For risk management purposes, entities often enter into
transactions involving derivative instruments and cash instruments (e.g.,
securities) to economically hedge the change in fair value of MSRs. The related
hedging strategies are often complex because of the convexity risk and other
duration-related risks associated with MSRs. As a result, entities may
economically hedge MSRs without applying hedge accounting. An economic offset
will naturally occur, to some extent, if the entity elects to use the fair value
method to account for MSRs.
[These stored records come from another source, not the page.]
lemma triangular_system_solvable:
  fixes M :: "'x \<Rightarrow> 'x \<Rightarrow> 'b::field" and w :: "'x \<Rightarrow> 'w::linorder"
  assumes "finite S" "nonsingular_triangular_on S w M"
  shows "\<exists>x. (\<forall>d. d \<notin> S \<longrightarrow> x d = 0) \<and> (\<forall>c\<in>S. (\<Sum>d\<in>S. x d * M c d) = y c)"
  using assms
proof (induction S arbitrary: y rule: finite_ranking_induct_fresh[where f = w])
  case empty
  then show ?case by auto
next
  case (insert m S)
  have row_m: "M m d = 0" if "d \<in> S" for d
    using insert.prems(1) insert.hyps(2,3) that by (rule nonsingular_triangular_on_insert_max)
  have "M m m \<noteq> 0"
    using insert.prems by (simp add: nonsingular_triangular_on_def)
  define a where "a = y m / M m m"
  obtain x where x_supp: "\<forall>d. d \<notin> S \<longrightarrow> x d = 0"
    and x_sol: "\<forall>c\<in>S. (\<Sum>d\<in>S. x d * M c d) = y c - a * M c m"
    using insert.IH[of "\<lambda>c. y c - a * M c m"] insert.prems
      nonsingular_triangular_on_subset[of "insert m S" w M S] by blast
  have sum_insert:
    "(\<Sum>d\<in>insert m S. (x(m := a)) d * M c d) = a * M c m + (\<Sum>d\<in>S. x d * M c d)" for c
  proof -
    have "(\<Sum>d\<in>S. (x(m := a)) d * M c d) = (\<Sum>d\<in>S. x d * M c d)"
      using insert.hyps(2) by (intro sum.cong) auto
    then show ?thesis using insert.hyps(1,2) by simp
  qed
  show ?case
  proof (intro exI conjI allI impI ballI)
    show "(x(m := a)) d = 0" if "d \<notin> insert m S" for d
      using that x_supp by simp
    show "(\<Sum>d\<in>insert m S. (x(m := a)) d * M c d) = y c" if "c \<in> insert m S" for c
      using that sum_insert[of c] x_sol row_m \<open>M m m \<noteq> 0\<close> by (auto simp: a_def)
  qed
qed

definition ch_matrix :: "('a, 'c) monoid_scheme \<Rightarrow> 'a set set \<Rightarrow> 'a set set \<Rightarrow> rat" where
  "ch_matrix G c d = ch_hom G (SOME K. K \<in> c) (SOME H. H \<in> d)"

lemma chQ_eq_sum:
  assumes "c \<in> fin_classes G" "finite S" "{d. x d \<noteq> 0} \<subseteq> S"
  shows "chQ G x c = (\<Sum>d\<in>S. x d * ch_matrix G c d)"
proof -
  have "chQ G x c = (\<Sum>d\<in>{d. x d \<noteq> 0}. x d * ch_matrix G c d)"
    using assms(1) by (simp add: chQ_def ch_matrix_def)
  also have "\<dots> = (\<Sum>d\<in>S. x d * ch_matrix G c d)"
    by (rule sum.mono_neutral_left) (use assms(2,3) in auto)
  finally show ?thesis .
qed

context group
begin

lemma conj_coset_eq_image: "g <# K #> h = (\<lambda>k. g \<otimes> k \<otimes> h) ` K"
  by (auto simp: l_coset_def r_coset_def)

lemma conj_mem_conj_iff:
  assumes "H \<subseteq> carrier G" "g \<in> carrier G" "x \<in> carrier G"
  shows "g \<otimes> x \<otimes> inv g \<in> g <# H #> inv g \<longleftrightarrow> x \<in> H"
  using assms conjugation_is_inj[OF assms(2,3)] by (auto simp: conj_coset_eq_image)

lemma card_conj:
  assumes "K \<subseteq> carrier G" "g \<in> carrier G"
  shows "card (g <# K #> inv g) = card K"
proof -
  have "inj_on (\<lambda>k. g \<otimes> k \<otimes> inv g) K"
    using assms by (intro inj_onI) (meson conjugation_is_inj subsetD)
  then show ?thesis by (simp add: conj_coset_eq_image card_image)
qed

lemma conj_conj:
  assumes "H \<subseteq> carrier G" "g \<in> carrier G" "x \<in> carrier G"
  shows "x <# (g <# H #> inv g) #> inv x = (x \<otimes> g) <# H #> inv (x \<otimes> g)"
  using assms by (simp add: coset_assoc lcos_m_assoc coset_mult_assoc l_coset_subset_G inv_mult_group)

lemma conjclass_conj:
  assumes "H \<subseteq> carrier G" "g \<in> carrier G"
  shows "conjclass G (g <# H #> inv g) = conjclass G H"
proof -
  have "y = (y \<otimes> inv g) \<otimes> g" if "y \<in> carrier G" for y
    using that assms by (simp add: m_assoc)
  then show ?thesis
    using assms conj_conj unfolding conjclass_def by (auto, metis m_closed inv_closed)
qed

lemma fin_classes_representative:
  assumes "c \<in> fin_classes G"
  shows "subgroup (SOME K. K \<in> c) G \<and> finite (SOME K. K \<in> c) \<and> conjclass G (SOME K. K \<in> c) = c"
proof -
  obtain H where c: "c = conjclass G H" and H: "subgroup H G" "finite H"
    using assms by (auto simp: fin_classes_def)
  have "H = \<one> <# H #> inv \<one>"
    using subgroup.subset[OF H(1)] by (simp add: lcos_mult_one)
  then have "H \<in> c"
    unfolding c conjclass_def by blast
  then have "(SOME K. K \<in> c) \<in> c" by (rule someI)
  then obtain g where g: "g \<in> carrier G" "(SOME K. K \<in> c) = g <# H #> inv g"
    unfolding c conjclass_def by blast
  show ?thesis
    using g H c subgroup_conjugation_is_surj2 conjclass_conj[OF subgroup.subset]
    by (simp add: conj_coset_eq_image)
qed

lemma lcoset_eq_iff:
  assumes "subgroup H G" "x \<in> carrier G" "y \<in> carrier G"
  shows "x <# H = y <# H \<longleftrightarrow> inv x \<otimes> y \<in> H"
proof
  assume "x <# H = y <# H"
  then have "y \<in> x <# H" using lcos_self[OF assms(3,1)] by simp
  then show "inv x \<otimes> y \<in> H" using subgroup.lcos_module_imp[OF assms(1) is_group assms(2)] by blast
next
  assume "inv x \<otimes> y \<in> H"
  then have "y \<in> x <# H" using subgroup.lcos_module_rev[OF assms(1) is_group assms(2,3)] by blast
  then show "x <# H = y <# H" using l_repr_independence[OF _ assms(2,1)] by blast
qed

lemma lcoset_fixed_iff_conj_subset:
  assumes H: "subgroup H G" and K: "K \<subseteq> carrier G" and a: "a \<in> carrier G"
  shows "(\<forall>k\<in>K. k <# (a <# H) = a <# H) \<longleftrightarrow> inv a <# K #> a \<subseteq> H"
proof -
  have "k <# (a <# H) = a <# H \<longleftrightarrow> inv a \<otimes> k \<otimes> a \<in> H" if "k \<in> K" for k
  proof -
    have k: "k \<in> carrier G" using that K by blast
    have "k <# (a <# H) = a <# H \<longleftrightarrow> a <# H = (k \<otimes> a) <# H"
      using lcos_m_assoc[OF subgroup.subset[OF H] k a] by auto
    also have "\<dots> \<longleftrightarrow> inv a \<otimes> (k \<otimes> a) \<in> H"
      using lcoset_eq_iff[OF H a] k a by simp
    finally show ?thesis using k a by (simp add: m_assoc)
  qed
  then show ?thesis by (auto simp: conj_coset_eq_image)
qed

lemma fixset_lcosets:
  assumes "subgroup H G" "K \<subseteq> carrier G"
  shows "fixset (lcosets H) (\<lambda>g C. g <# C) K = {a <# H | a. a \<in> carrier G \<and> inv a <# K #> a \<subseteq> H}"
  using lcoset_fixed_iff_conj_subset[OF assms] by (auto simp: fixset_def LCOSETS_def)

lemma ch_hom_nonzero_imp_subconjugate:
  assumes "subgroup H G" "K \<subseteq> carrier G" "ch_hom G K H \<noteq> 0"
  obtains a where "a \<in> carrier G" "inv a <# K #> a \<subseteq> H"
proof -
  have "fixset (lcosets H) (\<lambda>g C. g <# C) K \<noteq> {}"
    using assms(3) by (auto simp: ch_hom_def chK_def orbits_def)
  then show ?thesis using that fixset_lcosets[OF assms(1,2)] by auto
qed

lemma subconjugate_card_less:
  assumes K: "K \<subseteq> carrier G" and H: "finite H" and a: "a \<in> carrier G"
    and sub: "inv a <# K #> a \<subseteq> H" and classes: "conjclass G K \<noteq> conjclass G H"
  shows "card K < card H"
proof -
  have "card (inv a <# K #> a) = card K"
    using card_conj[OF K, of "inv a"] a by simp
  moreover have "inv a <# K #> a \<noteq> H"
    using conjclass_conj[OF K, of "inv a"] a classes by auto
  ultimately show ?thesis
    using psubset_card_mono[OF H] sub by (metis psubsetI)
qed

lemma mem_normalizer_iff:
  "H \<subseteq> carrier G \<Longrightarrow> g \<in> normalizer G H \<longleftrightarrow> g \<in> carrier G \<and> g <# H #> inv g = H"
  by (simp add: normalizer_def stabilizer_def)

lemma normalizer_lcoset_eq_rcoset:
  assumes H: "H \<subseteq> carrier G" and g: "g \<in> normalizer G H"
  shows "g <# H = H #> g"
proof -
  have gG: "g \<in> carrier G" and "g <# H #> inv g = H"
    using g mem_normalizer_iff[OF H] by auto
  then have "H #> g = (g <# H #> inv g) #> g" by simp
  also have "\<dots> = g <# H #> (inv g \<otimes> g)"
    using coset_mult_assoc[OF l_coset_subset_G[OF H gG]] gG by simp
  also have "\<dots> = g <# H"
    using gG H by (simp add: l_coset_subset_G)
  finally show ?thesis by simp
qed

lemma finite_subgroup_normalizer_iff:
  assumes K: "subgroup K G" "finite K"
  shows "a \<in> normalizer G K \<longleftrightarrow> a \<in> carrier G \<and> inv a <# K #> a \<subseteq> K"
proof -
  have KG: "K \<subseteq> carrier G" using subgroup.subset[OF K(1)] .
  have N: "subgroup (normalizer G K) G" using normalizer_imp_subgroup[OF KG] .
  show ?thesis
  proof
    assume "a \<in> normalizer G K"
    then have "inv a \<in> normalizer G K" and "a \<in> carrier G"
      using subgroup.m_inv_closed[OF N] subgroup.mem_carrier[OF N] by auto
    then show "a \<in> carrier G \<and> inv a <# K #> a \<subseteq> K"
      using mem_normalizer_iff[OF KG] by simp
  next
    assume a: "a \<in> carrier G \<and> inv a <# K #> a \<subseteq> K"
    then have "inv a <# K #> a = K"
      using card_subset_eq[OF K(2)] card_conj[OF KG, of "inv a"] by simp
    then have "a <# K #> inv a = K"
      using subgroup_conjugation_is_surj0[OF _ KG, of a] a by simp
    then show "a \<in> normalizer G K"
      using mem_normalizer_iff[OF KG] a by simp
  qed
qed

lemma fixset_lcosets_self:
  assumes "subgroup K G" "finite K"
  shows "fixset (lcosets K) (\<lambda>g C. g <# C) K = (\<lambda>n. n <# K) ` normalizer G K"
  using fixset_lcosets[OF assms(1) subgroup.subset[OF assms(1)]]
    finite_subgroup_normalizer_iff[OF assms] by auto

lemma carrier_weyl: "carrier (weyl G K) = (\<lambda>n. K #> n) ` normalizer G K"
  by (auto simp: weyl_def FactGroup_def RCOSETS_def r_coset_def)

lemma weyl_act_normalizer_lcoset:
  assumes K: "subgroup K G" and n: "n \<in> normalizer G K" and b: "b \<in> normalizer G K"
  shows "weyl_act (\<lambda>g C. g <# C) (K #> n) (b <# K) = (n \<otimes> b) <# K"
proof -
  have KG: "K \<subseteq> carrier G" using subgroup.subset[OF K] .
  have N: "subgroup (normalizer G K) G" using normalizer_imp_subgroup[OF KG] .
  have nG: "n \<in> carrier G" and bG: "b \<in> carrier G" and nb: "n \<otimes> b \<in> normalizer G K"
    using n b subgroup.mem_carrier[OF N] subgroup.m_closed[OF N] by auto
  have "(SOME m. m \<in> K #> n) \<in> K #> n"
    using rcos_self[OF nG K] by (rule someI)
  then obtain k where k: "k \<in> K" "(SOME m. m \<in> K #> n) = k \<otimes> n"
    by (auto simp: r_coset_def)
  have kG: "k \<in> carrier G" using k KG by blast
  have "weyl_act (\<lambda>g C. g <# C) (K #> n) (b <# K) = k <# ((n \<otimes> b) <# K)"
    using k kG nG bG KG by (simp add: weyl_act_def lcos_m_assoc m_assoc)
  also have "\<dots> = (k <# K) #> (n \<otimes> b)"
    using normalizer_lcoset_eq_rcoset[OF KG nb] kG nG bG KG by (simp add: coset_assoc)
  also have "\<dots> = (n \<otimes> b) <# K"
    using coset_join3[OF kG K k(1)] normalizer_lcoset_eq_rcoset[OF KG nb] by simp
  finally show ?thesis .
qed

lemma normalizer_lcoset_eq_iff:
  assumes K: "subgroup K G" and n: "n \<in> normalizer G K" and b: "b \<in> normalizer G K"
  shows "(n \<otimes> b) <# K = b <# K \<longleftrightarrow> n \<in> K"
proof -
  have KG: "K \<subseteq> carrier G" using subgroup.subset[OF K] .
  have N: "subgroup (normalizer G K) G" using normalizer_imp_subgroup[OF KG] .
  have nG: "n \<in> carrier G" and bG: "b \<in> carrier G" and "inv b \<in> normalizer G K"
    using n b subgroup.mem_carrier[OF N] subgroup.m_inv_closed[OF N] by auto
  then have conj_K: "inv b <# K #> inv (inv b) = K"
    using mem_normalizer_iff[OF KG] by blast
  have "(n \<otimes> b) <# K = b <# K \<longleftrightarrow> inv b \<otimes> (n \<otimes> b) \<in> K"
    using lcoset_eq_iff[OF K bG, of "n \<otimes> b"] nG bG by auto
  also have "\<dots> \<longleftrightarrow> inv b \<otimes> n \<otimes> inv (inv b) \<in> inv b <# K #> inv (inv b)"
    using conj_K nG bG by (simp add: m_assoc)
  also have "\<dots> \<longleftrightarrow> n \<in> K"
    using conj_mem_conj_iff[OF KG _ nG, of "inv b"] bG by simp
  finally show ?thesis .
qed

lemma orbit_weyl_normalizer_lcoset:
  assumes K: "subgroup K G" and b: "b \<in> normalizer G K"
  shows "orbit (weyl G K) (weyl_act (\<lambda>g C. g <# C)) (b <# K) = (\<lambda>n. n <# K) ` normalizer G K"
proof -
  have N: "subgroup (normalizer G K) G"
    using normalizer_imp_subgroup[OF subgroup.subset[OF K]] .
  have "orbit (weyl G K) (weyl_act (\<lambda>g C. g <# C)) (b <# K)
      = (\<lambda>n. n <# K) ` ((\<lambda>n. n \<otimes> b) ` normalizer G K)"
    unfolding orbit_def carrier_weyl using weyl_act_normalizer_lcoset[OF K _ b] by auto
  also have "(\<lambda>n. n \<otimes> b) ` normalizer G K = normalizer G K #> b"
    by (auto simp: r_coset_def)
  also have "\<dots> = normalizer G K"
    using subgroup.rcos_const[OF N is_group b] .
  finally show ?thesis .
qed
While ASC 815-20 does not preclude applying fair
value hedging to MSRs that are accounted for by using the amortization method,
it is often difficult to define a hedging strategy that is highly effective for
accounting purposes. For more information on fair value hedging, see ASC
815-20-55-65.
6.7.2 Mortgage Banking
ASC 860-50
Financial Services —
Mortgage Banking
60-2 For guidance on the
capitalization of interest costs on certain Government
National Mortgage Association (GNMA) securities, and the
determination of net future servicing income for this
purpose, see paragraph 948-340-30-1.
ASC 948-340-30-1 addresses how costs are capitalized when GNMA
securities are issued and indicates that the aggregate amount capitalized,
including amounts capitalized under other FASB ASC subtopics, may not exceed the
present value of net future servicing income.